Sejm rozpoczął wczoraj prace nad przyszłorocznym budżetem państwa. Posłowie
zaczęli od debaty nad ustawą okołobudżetową stanowiącą uzupełnienie ustawy
budżetowej i zakładającą – w tym przypadku – ograniczenia wydatków budżetowych
bądź też wskazanie źródeł pozyskania większych środków do budżetu, chociażby w
wyniku podwyższenia podatków. Rządowi ani posłom koalicji rządzącej najwyraźniej
nie przeszkadzało, że debatują nad tą dopełniającą budżet ustawą, mimo że do
Sejmu nie trafił nawet projekt budżetu, który miałby w przyszłym roku
obowiązywać. Co więcej, projekt ustawy budżetowej nie został jeszcze przez rząd
przyjęty, a nawet sam premier nie był wczoraj w stanie z pewnością stwierdzić,
jakie będą główne założenia do projektu przyszłorocznego budżetu.

Werbalny wzrost
Rząd ma przyjąć projekt ustawy budżetowej na przyszły rok na posiedzeniu w
najbliższy wtorek. Premier Donald Tusk o przyszłym projekcie budżetu mówił
wczoraj tylko z pewnym prawdopodobieństwem. Szef rządu zaznaczył, że choć wyniki
gospodarki z mijającego roku mogą napawać optymizmem, to już prognozy są gorsze.
– Zakładamy na wszelki wypadek, że prawdopodobnie, jeśli ten scenariusz się
spełni, może doprowadzić do mniejszego wzrostu, który i tak będzie jednym z
najwyższych w Europie, czyli około 2,5 procent. Czyli to, na co wskazują różne
prognozy, i to, co zawarliśmy w tzw. wariancie pośrednim z tych trzech
wariantów, jakie minister finansów Jacek Rostowski przygotował – mówił wczoraj
premier. Czy jednak rzeczywiście w projekcie przyszłorocznego budżetu zostanie
zawarte założenie o 2,5-procentowym wzroście produktu krajowego brutto? Tego
premier Tusk nie był pewien. – Nie chcę mówić na 100 procent, bo przecież proces
trwa, ale raczej na pewno przyjmiemy ten wariant pośredni. Przynajmniej jeśli
chodzi o niektóre kryteria, w tym na pewno prognozę wzrostu – powiedział. Tusk
ocenił, że budżet z 2,5-procentowym wzrostem gospodarczym to "wariant ostrożny",
a to dlatego – jak wyjaśniał – że jest realne osiągnięcie w 2012 r. większego
wzrostu od tych 2,5 procent.
Premier Donald Tusk przed społeczeństwem znów kipi optymizmem i obiecuje, że
sytuacja gospodarcza może być nawet lepsza, niż przewiduje rząd.
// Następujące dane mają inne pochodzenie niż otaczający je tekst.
(* Let $A=(a_{i,j})\in\Theta_\vartriangle(n)$ have all diagonal entries zero, write $A=A^++A^-$ with $A^+$ (resp. $A^-$) the matrix keeping the entries $a_{i,j}$ with $i<j$ (resp. $i>j$) and zero elsewhere, and let $\lambda\in\mathbb N^n_\vartriangle$. Define $\mu,\nu\in\mathbb N^n_\vartriangle$ by $\mu_i=\lambda_i+\sum_{k<i}a_{i,k}$ and $\nu_i=\lambda_i+\sum_{k<i}a_{k,i}$. Then $$d_{A+\mathrm{diag}(\lambda)}=d_{A^++\mathrm{diag}(\mu)}+d_{A^-+\mathrm{diag}(\nu)}.$$
   Context: $\Theta_\vartriangle(n)$ is the set of matrices $B=(b_{i,j})_{i,j\in\mathbb Z}$ with $b_{i,j}\in\mathbb N$, $b_{i+n,j+n}=b_{i,j}$ and finitely many nonzero entries in each row. $\mathbb N^n_\vartriangle$ is the set of $n$-periodic sequences $(\lambda_i)_{i\in\mathbb Z}$ of nonnegative integers, and $\mathrm{diag}(\lambda)$ is the diagonal matrix with $(i,i)$ entry $\lambda_i$. For $B\in\Theta_\vartriangle(n)$, $d_B=\sum b_{i,j}b_{k,l}$, summing over all $i,j,k,l\in\mathbb Z$ with $1\le i\le n$, $k\le i$ and $j<l$. *)

theory Defs
  imports Main
begin

type_synonym mat = "int \<Rightarrow> int \<Rightarrow> nat"

definition Theta :: "nat \<Rightarrow> mat set" where
  "Theta n = {B. (\<forall>i j. B (i + int n) (j + int n) = B i j) \<and>
                 (\<forall>i. finite {j. B i j \<noteq> 0})}"

definition Nseq :: "nat \<Rightarrow> (int \<Rightarrow> nat) set" where
  "Nseq n = {lam. \<forall>i. lam (i + int n) = lam i}"

definition diagm :: "(int \<Rightarrow> nat) \<Rightarrow> mat" where
  "diagm lam = (\<lambda>i j. if i = j then lam i else 0)"

definition madd :: "mat \<Rightarrow> mat \<Rightarrow> mat" where
  "madd A B = (\<lambda>i j. A i j + B i j)"

definition upper_part :: "mat \<Rightarrow> mat" where
  "upper_part A = (\<lambda>i j. if i < j then A i j else 0)"

definition lower_part :: "mat \<Rightarrow> mat" where
  "lower_part A = (\<lambda>i j. if i > j then A i j else 0)"

text \<open>d_B = sum of b_{i,j} b_{k,l} over 1 \<le> i \<le> n, k \<le> i, j < l.
  Only nonzero terms are summed; for B in Theta n this index set is finite.\<close>
definition dB :: "nat \<Rightarrow> mat \<Rightarrow> nat" where
  "dB n B = (\<Sum>(i, j, k, l) \<in> {(i, j, k, l). 1 \<le> i \<and> i \<le> int n \<and> k \<le> i \<and> j < l
                                   \<and> B i j * B k l \<noteq> 0}. B i j * B k l)"

definition mu_seq :: "mat \<Rightarrow> (int \<Rightarrow> nat) \<Rightarrow> int \<Rightarrow> nat" where
  "mu_seq A lam = (\<lambda>i. lam i + (\<Sum>k \<in> {k. k < i \<and> A i k \<noteq> 0}. A i k))"

definition nu_seq :: "mat \<Rightarrow> (int \<Rightarrow> nat) \<Rightarrow> int \<Rightarrow> nat" where
  "nu_seq A lam = (\<lambda>i. lam i + (\<Sum>k \<in> {k. k < i \<and> A k i \<noteq> 0}. A k i))"

end

theory Submission imports Defs begin

text \<open>Since A has zero diagonal, A + diag(lambda) = U + L + D with U strictly upper, L strictly
  lower and D diagonal, and d is the diagonal value of a bilinear form d(X, Y). Of its nine
  cross terms, d(U, D), d(D, L), d(U, L) and d(D, D) vanish for order reasons, so the claim
  reduces to d(L, U) = d(diag m, U) + d(L, diag n), where m and n are the row and column sums
  added to lambda in mu and nu. For this, split d(L, U) according to whether the column l of
  the U-entry lies right of the row i of the L-entry: if so, the constraint j < l on the
  column of the L-entry is vacuous and summing over j yields m i; otherwise the constraint
  k <= i on the row of the U-entry is vacuous and summing over k yields n l. Periodicity only
  serves to make all matrices banded, so that every sum can be taken over one finite window.\<close>

definition banded :: "nat \<Rightarrow> mat \<Rightarrow> bool" where
  "banded R B \<longleftrightarrow> (\<forall>i j. B i j \<noteq> 0 \<longrightarrow> \<bar>i - j\<bar> \<le> int R)"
Tymczasem
jeszcze pod koniec września ekipa szefa rządu skierowała do Sejmu projekt
budżetu z 4-procentowym wzrostem PKB. Jeśli przyjąć, że będzie obowiązywało
założenie o 2,5-procentowym wzroście gospodarczym, oznacza to, że w stosunku do
zapowiedzi, z którymi rząd Tuska szedł do wyborów (o 4-procentowym wzroście), po
weryfikacji założeń budżetowych wzrost naszej gospodarki będzie aż o 40 proc.
wolniejszy.
W połowie listopada minister finansów Jacek Rostowski poinformował, że jego
resort pracuje nad trzema wersjami budżetu. Żadna z nich nie zakłada
4-procentowego wzrostu PKB przewidzianego w projekcie, który półtora miesiąca
wcześniej rząd skierował do Sejmu. Poszczególne wersje projektów mają się różnić
przede wszystkim zakładanym wzrostem produktu krajowego brutto: pierwsza
przewiduje wzrost PKB o 3,2 proc., druga – wzrost o 2,5 proc., i trzecia –
spadek PKB o 1 procent. Ten najgorszy, trzeci wariant musiałby skutkować wyższym
niż dotychczas przewidywanym podniesieniem podatków.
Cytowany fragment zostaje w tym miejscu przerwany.